The new rule approved by the NFL earlier this year states that its is a foul if “a player lowers his head to initiate and make contact with his helmet against an opponent.” Roquan’s camp is aiming to get Smith’s guaranteed money protected in case he gets suspended because of violating the new rule. Ryan Pace and the Bears’ management is unwilling to give Smith that protection, and now the two sides are in a “staring contest” just to see who will give in first. And from the way it appears now, neither side is willing to give up and give the other what they want. I have also heard reports that there is “little optimism” that a deal will be reached soon.

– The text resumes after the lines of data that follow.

lemma nondegenerate_congruence_diagonal:
  fixes B D :: "real^'n^'n"
  assumes "invertible B"
    and "\<forall>i j. i \<noteq> j \<longrightarrow> D $ i $ j = 0" and "\<forall>i. D $ i $ i > 0"
  shows "0 < det (B ** D ** transpose B)" and "coercive_matrix (matrix_inv (B ** D ** transpose B))"
proof -
  have "0 < det D"
    using assms(2,3) by (rule det_diagonal_pos)
  with assms(1) show "0 < det (B ** D ** transpose B)"
    by (rule det_congruence_pos)
  show "coercive_matrix (matrix_inv (B ** D ** transpose B))"
    using assms(1) \<open>0 < det D\<close> coercive_matrix_diagonal[OF assms(2,3)]
    by (simp add: coercive_matrix_inv_congruence invertible_det_nz)
qed

lemma nondegenerate_covariance_scaleR:
  fixes S :: "real^'n^'n"
  assumes "0 < det S" and "coercive_matrix (matrix_inv S)" and "c > 0"
  shows "0 < det (c *\<^sub>R S)" and "coercive_matrix (matrix_inv (c *\<^sub>R S))"
  using assms by (simp_all add: det_scaleR matrix_inv_scaleR invertible_det_nz coercive_matrix_scaleR)

section \<open>Gaussian integrals and second moments\<close>

lemma nn_integral_exp_neg_square_finite:
  fixes b :: real
  assumes "b > 0"
  shows "(\<integral>\<^sup>+t. ennreal (exp (- b * t\<^sup>2)) \<partial>lborel) < \<infinity>"
proof -
  define \<sigma> where "\<sigma> = sqrt (1 / (2 * b))"
  have "\<sigma> > 0" and \<sigma>2: "\<sigma>\<^sup>2 = 1 / (2 * b)"
    using assms by (auto simp: \<sigma>_def)
  have "exp (- b * t\<^sup>2) = sqrt (2 * pi * \<sigma>\<^sup>2) * normal_density 0 \<sigma> t" for t
    using \<sigma>2 \<open>\<sigma> > 0\<close> assms by (simp add: normal_density_def field_simps)
  then have "(\<integral>\<^sup>+t. ennreal (exp (- b * t\<^sup>2)) \<partial>lborel)
      = ennreal (sqrt (2 * pi * \<sigma>\<^sup>2)) * (\<integral>\<^sup>+t. ennreal (normal_density 0 \<sigma> t) \<partial>lborel)"
    by (simp add: ennreal_mult nn_integral_cmult)
  also have "(\<integral>\<^sup>+t. ennreal (normal_density 0 \<sigma> t) \<partial>lborel) = 1"
    using integral_normal_density[OF \<open>\<sigma> > 0\<close>]
    by (subst nn_integral_eq_integral) (auto intro: integrable_normal_density[OF \<open>\<sigma> > 0\<close>])
  finally show ?thesis
    by simp
qed

lemma nn_integral_exp_neg_norm_square_finite:
  assumes "b > 0"
  shows "(\<integral>\<^sup>+u. ennreal (exp (- b * (norm (u::'a::euclidean_space))\<^sup>2)) \<partial>lborel) < \<infinity>"
proof -
  have eq: "ennreal (exp (- b * (norm u)\<^sup>2)) = (\<Prod>j\<in>Basis. ennreal (exp (- b * (u \<bullet> j)\<^sup>2)))" for u :: 'a
  proof -
    have "(norm u)\<^sup>2 = (\<Sum>j\<in>Basis. (u \<bullet> j)\<^sup>2)"
      unfolding power2_norm_eq_inner by (subst euclidean_inner) (simp add: power2_eq_square)
    then show ?thesis
      by (simp add: sum_distrib_left exp_sum[symmetric] sum_negf prod_ennreal)
  qed
  have "(\<integral>\<^sup>+u. ennreal (exp (- b * (norm (u::'a))\<^sup>2)) \<partial>lborel)
      = (\<Prod>j\<in>(Basis::'a set). \<integral>\<^sup>+t. ennreal (exp (- b * t\<^sup>2)) \<partial>lborel)"
    unfolding eq by (rule nn_integral_lborel_prod) auto
  also have "\<dots> < \<infinity>"
    using nn_integral_exp_neg_square_finite[OF assms] by (simp add: power_less_top_ennreal)
  finally show ?thesis .
qed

From the moment he was drafted, Smith was expected to be the bona fide starting inside linebacker alongside Danny Trevathan in Week 1 against the arch rival Green Bay Packers. Smith is supposed to be a key piece in Chicago’s defense in the future, and to see him and the Bears under this type of scrutiny is very troubling to me as a Bears fan. I do not believe that the relationship between the Bears and Smith is irreversibly damaged, because I believe that Roquan understands that this is nothing personal, it’s just business.

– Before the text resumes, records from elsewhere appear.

definition walk :: "('a,'b) pre_digraph \<Rightarrow> 'b list \<Rightarrow> bool" where
  "walk G es \<longleftrightarrow> set es \<subseteq> arcs G \<and>
     (\<forall>i. Suc i < length es \<longrightarrow> head G (es ! i) = tail G (es ! Suc i))"

definition is_cycle :: "('a,'b) pre_digraph \<Rightarrow> 'b list \<Rightarrow> bool" where
  "is_cycle G es \<longleftrightarrow> walk G es \<and> (es \<noteq> [] \<longrightarrow> tail G (hd es) = head G (last es))"

definition walk_verts :: "('a,'b) pre_digraph \<Rightarrow> 'b list \<Rightarrow> 'a list" where
  "walk_verts G es = map (tail G) es @ [head G (last es)]"

text \<open>A path: walk with distinct edges and distinct vertices, except possibly v_0 = v_k.\<close>
definition is_path :: "('a,'b) pre_digraph \<Rightarrow> 'b list \<Rightarrow> bool" where
  "is_path G es \<longleftrightarrow> walk G es \<and> distinct es \<and>
     (es \<noteq> [] \<longrightarrow> distinct (butlast (walk_verts G es)) \<and> distinct (tl (walk_verts G es)))"

definition simple_cycle :: "('a,'b) pre_digraph \<Rightarrow> 'b list \<Rightarrow> bool" where
  "simple_cycle G es \<longleftrightarrow> es \<noteq> [] \<and> is_cycle G es \<and> is_path G es"

text \<open>The vector e_C: coordinate e is n_e(C)/|C|. Coordinates are indexed by the
  finite edge type; for edges of G this is exactly R^E(G), other coordinates are 0.\<close>
definition cycle_vec :: "'b list \<Rightarrow> real ^ ('b::finite)" where
  "cycle_vec es = (\<chi> e. real (count_list es e) / real (length es))"

definition cycle_polytope :: "('a,'b::finite) pre_digraph \<Rightarrow> (real ^ 'b) set" where
  "cycle_polytope G = convex hull {cycle_vec es | es. simple_cycle G es}"

definition full_part :: "('a,'b) pre_digraph \<Rightarrow> ('a,'b) pre_digraph" where
  "full_part G = G\<lparr>arcs := {e \<in> arcs G. \<exists>es. is_cycle G es \<and> e \<in> set es}\<rparr>"

text \<open>Number of (weakly) connected components, isolated vertices counted.\<close>
definition conn_rel :: "('a,'b) pre_digraph \<Rightarrow> ('a \<times> 'a) set" where
  "conn_rel G = Id_on (verts G) \<union>
     ({(tail G e, head G e) | e. e \<in> arcs G} \<union> {(head G e, tail G e) | e. e \<in> arcs G})\<^sup>+"

definition num_components :: "('a,'b) pre_digraph \<Rightarrow> nat" where
  "num_components G = card (verts G // conn_rel G)"

end

theory Submission
  imports Defs
begin

text \<open>The simple-cycle vectors lie on the hyperplane where the coordinates sum to 1, so the
  affine dimension of P(G) is one less than the dimension of their span. That span is the cycle
  space of the full part H: the vectors supported on E(H) orthogonal to all rows of its incidence
  matrix. Cycles lie in it since a closed walk enters each vertex as often as it leaves it.
  Conversely, a vector orthogonal to all simple cycles vanishes on every closed walk (closed walks
  decompose into simple cycles); since every arc of H lies on a cycle, it is then a potential
  difference on E(H), i.e. a combination of incidence rows, and so orthogonal to the cycle space.
  Finally, a combination of incidence rows vanishes iff its coefficients are constant on the
  components of H, so the rows span a space of dimension |V| - c(H).\<close>

section \<open>Walks and cycles\<close>

lemma walk_Nil [simp]: "walk G []"
  by (simp add: walk_def)

lemma walk_Cons:
  "walk G (e # es) \<longleftrightarrow> e \<in> arcs G \<and> walk G es \<and> (es \<noteq> [] \<longrightarrow> head G e = tail G (hd es))"
proof
  assume w: "walk G (e # es)"
  have "walk G es" unfolding walk_def
  proof (intro conjI allI impI)
    show "set es \<subseteq> arcs G" using w by (auto simp: walk_def)
    fix i assume "Suc i < length es"
    then have "Suc (Suc i) < length (e # es)" by simp
    with w show "head G (es ! i) = tail G (es ! Suc i)" unfolding walk_def by fastforce
  qed
  with w show "e \<in> arcs G \<and> walk G es \<and> (es \<noteq> [] \<longrightarrow> head G e = tail G (hd es))"
    unfolding walk_def by (cases es) auto
next
  assume "e \<in> arcs G \<and> walk G es \<and> (es \<noteq> [] \<longrightarrow> head G e = tail G (hd es))"
  then show "walk G (e # es)"
    unfolding walk_def by (auto simp: nth_Cons hd_conv_nth split: nat.splits)
qed

lemma walk_append:
  "walk G (xs @ ys) \<longleftrightarrow>
     walk G xs \<and> walk G ys \<and> (xs \<noteq> [] \<longrightarrow> ys \<noteq> [] \<longrightarrow> head G (last xs) = tail G (hd ys))"
  by (induction xs) (auto simp: walk_Cons)

lemma is_cycle_rotate1: "is_cycle G es \<Longrightarrow> is_cycle G (rotate1 es)"
  by (cases es) (auto simp: is_cycle_def walk_append walk_Cons hd_append split: if_splits)

lemma is_cycle_rotate: "is_cycle G es \<Longrightarrow> is_cycle G (rotate n es)"
  by (induction n) (auto simp: is_cycle_rotate1)

lemma is_cycle_append_split:
  assumes "is_cycle G (xs @ ys)" "xs \<noteq> []" "ys \<noteq> []" "tail G (hd xs) = tail G (hd ys)"
  shows "is_cycle G xs" "is_cycle G ys"
  using assms by (auto simp: is_cycle_def walk_append)

lemma map_head_cycle:
  assumes "is_cycle G es"
  shows "map (head G) es = rotate1 (map (tail G) es)"
proof (rule nth_equalityI)
  fix i assume i: "i < length (map (head G) es)"
  show "map (head G) es ! i = rotate1 (map (tail G) es) ! i"
  proof (cases "Suc i < length es")
    case True
    then show ?thesis using assms by (simp add: nth_rotate1 is_cycle_def walk_def)
  next
    case False
    then have "i = length es - 1" "es \<noteq> []" using i by auto
    then show ?thesis using assms by (simp add: nth_rotate1 is_cycle_def hd_conv_nth last_conv_nth)
  qed
qed simp

lemma simple_cycleI:
  assumes "is_cycle G es" "es \<noteq> []" "distinct (map (tail G) es)"
  shows "simple_cycle G es"
proof -
  obtain e es' where es: "es = e # es'" using assms(2) by (cases es) auto
  have "head G (last es) = tail G e" using assms(1) es by (simp add: is_cycle_def)
  then have "tl (walk_verts G es) = map (tail G) es' @ [tail G e]"
    using es by (simp add: walk_verts_def)
  then show ?thesis
    using assms es distinct_map
    by (auto simp: simple_cycle_def is_path_def is_cycle_def walk_verts_def)
qed

lemma non_simple_cycle_split:
  assumes "is_cycle G es" "\<not> distinct (map (tail G) es)"
  obtains xs ys where "is_cycle G xs" "is_cycle G ys" "xs \<noteq> []" "ys \<noteq> []"
    "mset es = mset xs + mset ys"
proof -
  obtain ws1 v ws2 ws3 where "map (tail G) es = ws1 @ [v] @ ws2 @ [v] @ ws3"
    using not_distinct_decomp[OF assms(2)] by blast
  then obtain us vs where "es = us @ vs" "map (tail G) vs = v # ws2 @ v # ws3"
    by (auto simp: map_eq_append_conv)
  then obtain a rest where "es = us @ a # rest" "tail G a = v" "v \<in> set (map (tail G) rest)"
    by (auto simp: map_eq_Cons_conv simp del: set_map)
  moreover from this obtain c where "c \<in> set rest" "tail G c = v" by auto
  moreover from this obtain bs cs where "rest = bs @ c # cs" by (meson split_list)
  ultimately have es: "es = us @ [a] @ bs @ [c] @ cs" and "tail G a = tail G c" by simp_all
  moreover have "is_cycle G ((a # bs) @ (c # cs @ us))"
    using is_cycle_rotate[OF assms(1), of "length us"] es by (simp add: rotate_append)
  ultimately show thesis
    using that is_cycle_append_split[of G "a # bs" "c # cs @ us"] by (simp add: es ac_simps)
qed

I am a huge Bears fan, and this whole situation is very frustrating to me. I think Ryan Pace is a top notch GM in this league and I trust him on every one of his moves, but I just can’t comprehend why he threw big money at a bunch of guys this off-season but wants to play hardball with his prized first round pick all of the sudden. I think that this issue is very temporary and will be solved in the coming weeks. I expect Roquan to be participating in pre-season games by pre-season Week 3 at the latest, and hopefully sooner. In the season opener, the Bears will play in Lambeau Field in Green Bay to take on the arch rival Green Bay Packers, and my hope is that Roquan will be ready to start on that night.
*The next portion of the article has been written after the previous portion. There were new developments on Smith’s contract dispute that I will share with you here.
The common belief was that the reason for Smith’s contract being left unsigned was due to Smith’s agent being concerned that if Smith was suspended, his guaranteed money would not be safe. As David Haugh of the Chicago Tribune reported, as of August 1st, Bears GM Ryan Pace had pledged written contract language that would protect Roquan’s guaranteed money should he get suspended. Now, Smith’s agent, CAA Football, wants Pace and the Bears to protect Smith’s guaranteed money if he gets in off the field trouble, like with law enforcement. Pace is not concerned that Smith himself will get in trouble with the law in the future, rather he is worried that he would be setting a future precedent for future contracts if he were to agree to that. Haugh reports: The Bears’ reluctance to [include contact language that would protect Smith from discipline] revolves around their fear of setting a precedent for future contracts and has nothing to do with concerns about Smith’s character, the source said. But only four teams in the league have written contracts going as far with protections such as Smith seeks, a source said. The other 28 have avoided setting such contractual precedent, perhaps out of a fear of unintended consequences. It’s not a common demand, according to one longtime agent who has negotiated NFL deals. Adam Jahns of the Chicago Sun-Times first reported the idea that CAA Football and the Bears had agreed on helmet related issues in the August 1st edition of the Hoge and Jahns podcast. This is a very strange situation, and we here at The Sports Wave will do our best to keep you updated as this story unfolds.